ECMP usage in the case of non-similar next-hops
How ECMP records are updated when there are changes in the network
We have seen the ECMP scale and how is it consumed on the platform. It is also important to understand how a network change affects the ECMP scale in a situation where a next-hop IP disappears or a new next-hop IP appears for a destination prefix. Let’s try to understand how the platform responds to these changes and updates the ECMP record.
In both scenarios the switch platform updates the record in the three steps given below:
1. Create a new group record with the updated members and next-hops.
2. Update the pointers for the destination prefix to the new group.
3. Delete the old group record.
Example use case 1: We will try to understand this with the help of an example. Consider a network prefix 10.1.1.0/24 for which a new next-hop 192.168.1.4 needs to be added in the ECMP. The figure below represents a transient state the system goes through while updating this record. At this state, the switch creates a new group (Group-2) with four members including new member (192.168.1.4). Once this state is achieved, we update the pointers for the prefix 10.1.1.0/24 to the new group (Group-2) and delete the old ECMP record (Group-1). We will name this method of updating the ECMP record make-before-break, because the name suggests we are creating the new record before deleting the old one.
Creating a new group: transient state
New mapping updated
Now let’s see how the ECMP resources look after we update all of the new records and delete the old ones with the help of Example use case 1. In a steady state, the platform looks like the figure below. Here we have deleted the old record; now there is just one group with four members and next-hops are available. Note that, in the transient state, a higher number of ECMP records is used on the switch. A steady state normalizes record utilization.
Steady state, old groups deleted
Example use case 2: We will take another example to enhance our understanding of ECMP scale implications and its handling by the switch.
From Cisco® APIC Release 5.2, Cisco ACI allows you to have a recursive next-hop for the externally learned routes. For example, in some specific cases, such as a floating L3Out scenario, we can have a route for which the next-hop is recursively reachable by an ECMP route. In the routing table below, the next-hop for 10.10.0.0/16, 192.168.1.1 has another set of ECMP routes, 172.16.1.1 and 172.16.2.1, available in the routing table.

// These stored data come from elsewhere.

text \<open>The two identities through which S(aug_ker p l k) reaches the generators F_{l+1,i}.\<close>

lemma Fel_Suc_self_eq:
  assumes "prime p" and "l \<ge> 1"
  shows "Fel p (Suc l) l =
    radd (\<lambda>t. int p ^ (p - 2) * jnd_seed p l t) (rneg (jnd p (Suc l) l (jnd_seed p l)))"
proof
  fix t
  have "p \<ge> 2" using assms(1) prime_ge_2_nat by blast
  then have "p - 1 = Suc (p - 2)" by simp
  then have pow_p: "int p ^ (p - 2) * int p = int p ^ (p - 1)" by (simp add: power_Suc2)
  consider "t = Suc l" | "t = l" | "t = l - 1" | "t \<noteq> Suc l \<and> t \<noteq> l \<and> t \<noteq> l - 1" by blast
  then show "Fel p (Suc l) l t =
    radd (\<lambda>t. int p ^ (p - 2) * jnd_seed p l t) (rneg (jnd p (Suc l) l (jnd_seed p l))) t"
  proof cases
    case 2
    then show ?thesis using assms pow_p jnd_jnd_seed[OF assms, of t]
      by (simp add: Fel_apply radd_def rneg_def jnd_seed_def)
  next
    case 3
    then show ?thesis using assms jnd_jnd_seed[OF assms, of t]
      by (auto simp: Fel_apply radd_def rneg_def jnd_seed_def)
  qed (use assms jnd_jnd_seed[OF assms, of t] in
      \<open>simp_all add: Fel_apply radd_def rneg_def jnd_seed_def\<close>)
qed

lemma Fel_Suc_eq:
  assumes "i < l"
  shows "Fel p (Suc l) i = radd (Fel p l i) (\<lambda>t. int p ^ (l - i) * Fel p (Suc l) l t)"
proof
  fix t
  have pow: "int p ^ (l - i) * int p = int p ^ (Suc l - i)" using assms by (simp add: Suc_diff_le)
  consider "t = i" | "t = l" | "t = Suc l" | "t \<noteq> i \<and> t \<noteq> l \<and> t \<noteq> Suc l" by blast
  then show "Fel p (Suc l) i t = radd (Fel p l i) (\<lambda>t. int p ^ (l - i) * Fel p (Suc l) l t) t"
    by cases (use assms pow in \<open>simp_all add: Fel_apply radd_def\<close>)
qed

lemma Sop_aug_ker:
  assumes p: "prime p" and "k < l"
  shows "Sop p (Suc l) (aug_ker p l k) = aug_ker p (Suc l) k"
proof -
  have p0: "p > 0" using p prime_gt_0_nat by blast
  have "l \<ge> 1" using \<open>k < l\<close> by simp
  let ?G = "ind (Suc l) l ` aug_ker p l k \<union> jnd p (Suc l) l ` aug_ker p l k"
  have "Sop p (Suc l) (aug_ker p l k) = gen_ideal p (Suc l) ?G" by (simp add: Sop_def)
  also have "\<dots> = aug_ker p (Suc l) k"
  proof (rule gen_ideal_eqI[OF is_ideal_aug_ker[OF p0]])
    show "k \<le> Suc l" using \<open>k < l\<close> by simp
    show "?G \<subseteq> aug_ker p (Suc l) k"
      using ind_mem_aug_ker jnd_mem_aug_ker[OF p \<open>k < l\<close>] by blast
    fix I assume I: "is_ideal p (Suc l) I" "?G \<subseteq> I"
    have ind_mem: "x \<in> I" if "x \<in> aug_ker p l k" for x
    proof -
      have "ind (Suc l) l x \<in> I" using that I(2) by blast
      moreover have "x \<in> Rk l" using that by (simp add: aug_ker_def)
      ultimately show ?thesis by (simp add: ind_Suc_eq_self)
    qed
    have seed: "jnd_seed p l \<in> aug_ker p l k" using jnd_seed_mem_aug_ker[OF \<open>k < l\<close>] .
    have "jnd p (Suc l) l (jnd_seed p l) \<in> I" using I(2) seed by blast
    then have "radd (\<lambda>t. int p ^ (p - 2) * jnd_seed p l t)
        (rneg (jnd p (Suc l) l (jnd_seed p l))) \<in> I"
      using I(1) ideal_smult[OF I(1) ind_mem[OF seed]] unfolding is_ideal_def by blast
    then have Fel_top: "Fel p (Suc l) l \<in> I" by (simp add: Fel_Suc_self_eq[OF p \<open>l \<ge> 1\<close>])
    show "aug_ker p (Suc l) k \<subseteq> I"
    proof (rule aug_ker_subset_ideal[OF I(1)])
      show "k \<le> Suc l" using \<open>k < l\<close> by simp
      fix i assume i: "k \<le> i" "i < Suc l"
      show "Fel p (Suc l) i \<in> I"
      proof (cases "i = l")
        case False
        then have "i < l" using i by simp
        have "radd (Fel p l i) (\<lambda>t. int p ^ (l - i) * Fel p (Suc l) l t) \<in> I"
          using I(1) ind_mem[OF Fel_mem_aug_ker[OF i(1) \<open>i < l\<close>]] ideal_smult[OF I(1) Fel_top]
          unfolding is_ideal_def by blast
        then show ?thesis by (simp add: Fel_Suc_eq[OF \<open>i < l\<close>])
      qed (simp add: Fel_top)
    qed
  qed
  finally show ?thesis .
qed

theorem proposition6:
  fixes p r :: nat
  assumes "prime p"
  shows "(\<forall>k\<le>r. Siter p k = {rzero})
       \<and> (\<forall>l k. 1 \<le> l \<and> l \<le> r \<and> k \<le> l \<longrightarrow> Liter p k (l - k) (Siter p k) = Jid p l k 0)
       \<and> (\<forall>l k. 1 \<le> l \<and> l \<le> r \<and> k + 2 \<le> l \<longrightarrow>
            Sop p l (Liter p k (l - k - 1) (Siter p k)) = Liter p k (l - k) (Siter p k))"
proof -
  have p0: "p > 0" using assms prime_gt_0_nat by blast
  have "Liter p k (l - k) (Siter p k) = Jid p l k 0" if "k \<le> l" for k l
    using that by (simp add: Liter_Siter_eq_aug_ker[OF p0] Jid_zero_eq_aug_ker[OF p0])
  moreover have "Sop p l (Liter p k (l - k - 1) (Siter p k)) = Liter p k (l - k) (Siter p k)"
    if k_l: "k + 2 \<le> l" for k l
  proof -
    obtain l' where "l = Suc l'" and "k < l'" using k_l by (cases l) auto
    then show ?thesis
      by (simp add: Liter_Siter_eq_aug_ker[OF p0] Sop_aug_ker[OF assms] Lop_aug_ker[OF p0] Suc_diff_le)
  qed
  ultimately show ?thesis by (simp add: Siter_eq_zero[OF p0])
qed

end
(* Interior vertices of paths have valency at least 2, so they are neither leaves nor
   arrowheads: they are nodes. *)
lemma path_interior_node:
  assumes "is_path V E P a b" "0 < k" "Suc k < length P"
  shows "is_node V E A (P ! k)"
proof -
  have "valency E (P ! k) \<ge> 2" using path_interior_valency[OF tree assms] .
  moreover have "P ! k \<in> V" using assms unfolding is_path_def by auto
  ultimately show ?thesis using diag unfolding is_node_def EN_diagram_def by auto
qed

(* M_u for the neighbour u of an arrowhead i: the terms j <> i factor through lk(i,j). *)
lemma mult_at_arrowhead_neighbour:
  assumes iA: "i \<in> A" and "E i u" and un: "is_node V E A u"
  shows "mult V E A wt n u = n i * lk V E A wt u i + wt u i * lk_sum V E A wt n i"
proof -
  have inode: "\<not> is_node V E A i" using iA unfolding is_node_def by simp
  have shift: "lk V E A wt u j = wt u i * lk V E A wt i j" if j: "j \<in> A - {i}" for j
  proof -
    have P: "is_path V E (geod V E i j) i j"
      using geod_path[OF tree] iA j arrowheads_in_V by auto
    have "geod V E i j ! 1 = u"
      using path_second_vertex[OF P] j arrowhead_neighbour_unique[OF iA \<open>E i u\<close>] by auto
    then show ?thesis using lk_shift[OF tree P _ _ inode un] j by auto
  qed
  have "u \<notin> A" using un unfolding is_node_def by simp
  then have "mult V E A wt n u = n i * lk V E A wt u i + (\<Sum>j\<in>A - {i}. n j * lk V E A wt u j)"
    unfolding mult_def using sum.remove[OF finite_arrowheads iA] by simp
  also have "(\<Sum>j\<in>A - {i}. n j * lk V E A wt u j) = wt u i * lk_sum V E A wt n i"
    unfolding lk_sum_def sum_distrib_left using shift by (simp add: algebra_simps)
  finally show ?thesis .
qed

(* If the far weight at the neighbour u of an arrowhead i is negative, then lk(u,i) < 0:
   it is that far weight times near weights (the far edge does not lead to i). *)
lemma lk_to_arrowhead_neg:
  assumes iA: "i \<in> A" and "E i u" and un: "is_node V E A u" and "u \<noteq> rt" "i \<noteq> rt"
    and neg: "far_weight V E rt wt u < 0"
  shows "lk V E A wt u i < 0"
proof -
  define f where "f = far_nb V E rt u"
  have Eui: "E u i" and uV: "u \<in> V" using tree_edge[OF tree \<open>E i u\<close>] by auto
  have "f \<noteq> i" unfolding f_def
    using far_nb_not_valency_one[OF tree root_in_V uV \<open>u \<noteq> rt\<close> \<open>i \<noteq> rt\<close>] iA diag
    unfolding EN_diagram_def by auto
  define Y where "Y = {y. E u y \<and> y \<noteq> i}"
  have finY: "finite Y" using finite_nbrs[OF tree, of u] unfolding Y_def nbrs_def
    by (simp add: finite_subset[of _ "{y. E u y}"])
  have fY: "f \<in> Y" unfolding Y_def f_def
    using far_nb_edge[OF tree root_in_V uV \<open>u \<noteq> rt\<close>] \<open>f \<noteq> i\<close> f_def by simp
  have "lk V E A wt u i = wt u f * (\<Prod>y\<in>Y - {f}. wt u y)"
    using lk_edge[OF tree Eui un, of wt] iA prod.remove[OF finY fY, of "wt u"]
    unfolding Y_def is_node_def by simp
  moreover have "(\<Prod>y\<in>Y - {f}. wt u y) > 0"
    using near_pos[OF un] unfolding Y_def is_far_edge_def f_def by (intro prod_pos) auto
  moreover have "wt u f < 0" using neg unfolding far_weight_def f_def .
  ultimately show ?thesis by (simp add: mult_neg_pos)
qed

(* First case: 0 < M_u = n_i lk(u,i) + w(u,i) S_i with n_i lk(u,i) < 0 and w(u,i) > 0. *)
lemma lk_sum_pos_if_far_weight_neg:
  assumes iA: "i \<in> A" and "E i u" and un: "is_node V E A u" and "u \<noteq> rt" "i \<noteq> rt"
    and "far_weight V E rt wt u < 0"
  shows "0 < lk_sum V E A wt n i"
proof -
  have uV: "u \<in> V" and Eui: "E u i" using tree_edge[OF tree \<open>E i u\<close>] by auto
  have "wt u i > 0"
    using near_pos[OF un Eui] far_nb_not_valency_one[OF tree root_in_V uV \<open>u \<noteq> rt\<close> \<open>i \<noteq> rt\<close>]
      iA diag unfolding is_far_edge_def EN_diagram_def by auto
  moreover have "n i * lk V E A wt u i < 0"
    using arrowhead_mult_pos[OF iA] lk_to_arrowhead_neg[OF assms] by (simp add: mult_pos_neg)
  moreover have "0 < n i * lk V E A wt u i + wt u i * lk_sum V E A wt n i"
    using mult_pos[OF uV] mult_at_arrowhead_neighbour[OF iA \<open>E i u\<close> un] by simp
  ultimately show ?thesis by (smt (verit) zero_less_mult_pos)
qed
(* Let $\mathcal K$ be a 2-category and $n>1$ an integer. The composite 2-functor $C_1\circ C_1\circ\cdots\circ C_1:\mathsf{Wdl}^{(n)}(\overline{\mathcal K})\to\mathsf{Wdl}^{(n-1)}(\overline{\mathcal K})\to\cdots\to\mathsf{Wdl}(\overline{\mathcal K})$ ($n-1$ factors) takes a 0-cell $\{\lambda_{i,j}:s_js_i\to s_is_j\}_{0\le i<j\le n}$ to the weak distributive law $$\lambda_{0\dots n-1,n}:=R.s_n\bar\lambda_{0\dots n-1}:s_n(s_0\cdots s_{n-1})\to(s_0\cdots s_{n-1})s_n,$$ where $R:=s_0\cdots s_{n-2}\lambda_{n-1,n}.\cdots.s_0\lambda_{1,n}s_2\cdots s_{n-1}.\lambda_{0,n}s_1\cdots s_{n-1}:s_ns_0\cdots s_{n-1}\to s_0\cdots s_{n-1}s_n$ (between the monads $(s_0\cdots s_{n-1},\bar\lambda_{0\dots n-1})$ and $s_n$).
   Context: Conventions. For 1-cells, $uw$ is the horizontal composite ($w$ first); for 2-cells $\alpha,\beta$, $\alpha\beta$ is their horizontal composite; a 1-cell next to a 2-cell means whiskering; $\alpha.\beta$ is vertical composition ($\beta$ first). A monad $(A,t)$ has multiplication $\mu:tt\to t$, unit $\eta:1_A\to t$; decorations carry over. Local idempotent closure $\overline{\mathcal K}$: same 0-cells as $\mathcal K$; 1-cells are pairs $(v,\bar v)$ with $v$ a 1-cell of $\mathcal K$ and $\bar v$ an idempotent 2-cell on $v$; 2-cells $(v,\bar v)\to(v',\bar v')$ are 2-cells $\omega:v\to v'$ of $\mathcal K$ with $\bar v'.\omega=\omega=\omega.\bar v$; compositions from $\mathcal K$, identity 2-cell of $(v,\bar v)$ is $\bar v$. Monads $(A,(t,\bar t))$ in $\overline{\mathcal K}$ satisfy $\mu.t\eta=\mu.\eta t=\bar t$; we write just $t$, and $v$ for $(v,\bar v)$. $\mathsf{Mnd}(\overline{\mathcal K})$: 1-cells $(A,t)\to(A',t')$ are $(v,\psi)$, $\psi:t'v\to vt$, with $\psi.\mu'v=v\mu.\psi t.t'\psi$, $\psi.\eta'v=v\eta$; 2-cells $\omega:v\to v'$ with $\psi'.t'\omega=\omega t.\psi$. Weak distributive law in $\overline{\mathcal K}$: monads $(A,t),(A,s)$ and $\lambda:ts\to st$ with $\lambda.\mu s=s\mu.\lambda t.t\lambda$, $\lambda.t\mu=\mu t.s\lambda.\lambda s$, $\lambda.\eta s=\mu t.s\lambda.st\eta.s\eta$, $\lambda.t\eta=s\mu.\lambda t.\eta st.\eta t$; idempotent $\bar\lambda:=\mu t.s\lambda.st\eta$; induced monad $(st,\bar\lambda)$ with multiplication $\mu\mu.s\lambda t$, unit $\lambda.\eta\eta$. $\mathsf{Wdl}(\overline{\mathcal K})$: 1-cells $\lambda\to\lambda'$ are $(v,\xi,\zeta)$ with $(v,\xi),(v,\zeta)$ 1-cells of $\mathsf{Mnd}(\overline{\mathcal K})$ and $v\lambda.\xi s.t'\zeta=v\bar\lambda.\zeta t.s'\xi.\lambda'v$; 2-cells are 2-cells of $\mathsf{Mnd}(\overline{\mathcal K})$ for both. $\mathsf{Wdl}^{(m)}(\overline{\mathcal K})$: 0-cells are monads $(A,s_0),\dots,(A,s_m)$ with weak distributive laws $\lambda_{i,j}:s_js_i\to s_is_j$ ($i<j$) satisfying $\lambda_{i,j}s_k.s_j\lambda_{i,k}.\lambda_{j,k}s_i=s_i\lambda_{j,k}.\lambda_{i,k}s_j.s_k\lambda_{i,j}$; 1-cells are $v$ with $\xi_i:s'_iv\to vs_i$ such that each $(v,\xi_i,\xi_j)$ ($i<j$) is a 1-cell of $\mathsf{Wdl}(\overline{\mathcal K})$; 2-cells are 2-cells of $\mathsf{Mnd}(\overline{\mathcal K})$ for all $(v,\xi_i)$. $\bar\lambda_{ij}$ is the idempotent of $\lambda_{i,j}$. The idempotent $\bar\lambda_{0\dots m}$ ($m\ge1$): $\bar\lambda_{01}$ for $m=1$; for $m\ge2$, $\bar\lambda_{0\dots m}:=\overleftarrow\lambda_{0,\dots,m}.\overleftarrow\lambda_{0,\dots,m-1}s_m.\cdots.\overleftarrow\lambda_{0,1,2}s_3\cdots s_m.\bar\lambda_{01}s_2\cdots s_m$, where $\overleftarrow\lambda_{0,\dots,l}:=s_0\cdots s_{l-1}\mu_l.R_l.\eta_ls_0\cdots s_l$ with $R_l:=s_0\cdots s_{l-2}\lambda_{l-1,l}s_l.\cdots.\lambda_{0,l}s_1\cdots s_l$. The 2-functor $C_1:\mathsf{Wdl}^{(m)}(\overline{\mathcal K})\to\mathsf{Wdl}^{(m-1)}(\overline{\mathcal K})$ ($m\ge1$): on a 0-cell it gives the monads $(s_0s_1,\bar\lambda_{01}),s_2,\dots,s_m$ with laws $\lambda_{i,j}$ for $2\le i<j$ and $s_0\lambda_{1,j}.\lambda_{0,j}s_1.s_j\bar\lambda_{01}:s_j(s_0s_1)\to(s_0s_1)s_j$ for $j\ge2$; on a 1-cell it gives $v\bar\lambda_{01}.\xi_0s_1.s'_0\xi_1,\xi_2,\dots,\xi_m$; identity on 2-cells. *)

theory Defs
  imports Main
begin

Routing table with recursive next-hops
Here, adding a new next-hop for 192.168.1.1 will make the routing table look like the figure below. In this case, we are not updating next-hops for the route prefix 10.10.0.0/16; instead, the change is for the prefix 192.168.1.1. This change will affect the 10.10.0.0/16 route as well. In Cisco ACI, this kind of route update is called an ECMP update.
Routing table with recursive next-hops, with a new next-hop entry
To update all the dependencies in this use case, we follow the approach illustrated in the figure below. We first update the ECMP record for a Recursive Next-Hop (RNH) route (in this case, 192.168.1.1) by creating a new ECMP group with the new entry (172.16.3.1); as illustrated in figures 8, 9, and 10. Then we update all the dependent routes, such as 10.10.0.0/16, to the new ECMP Group-ID and then delete the old ECMP group.
ECMP record update flow
Here note that, as discussed in the previous section on the transient state, we will have old and new ECMP records available on the switch platform at the same time. Keeping these duplicate entries increases ECMP scale utilization.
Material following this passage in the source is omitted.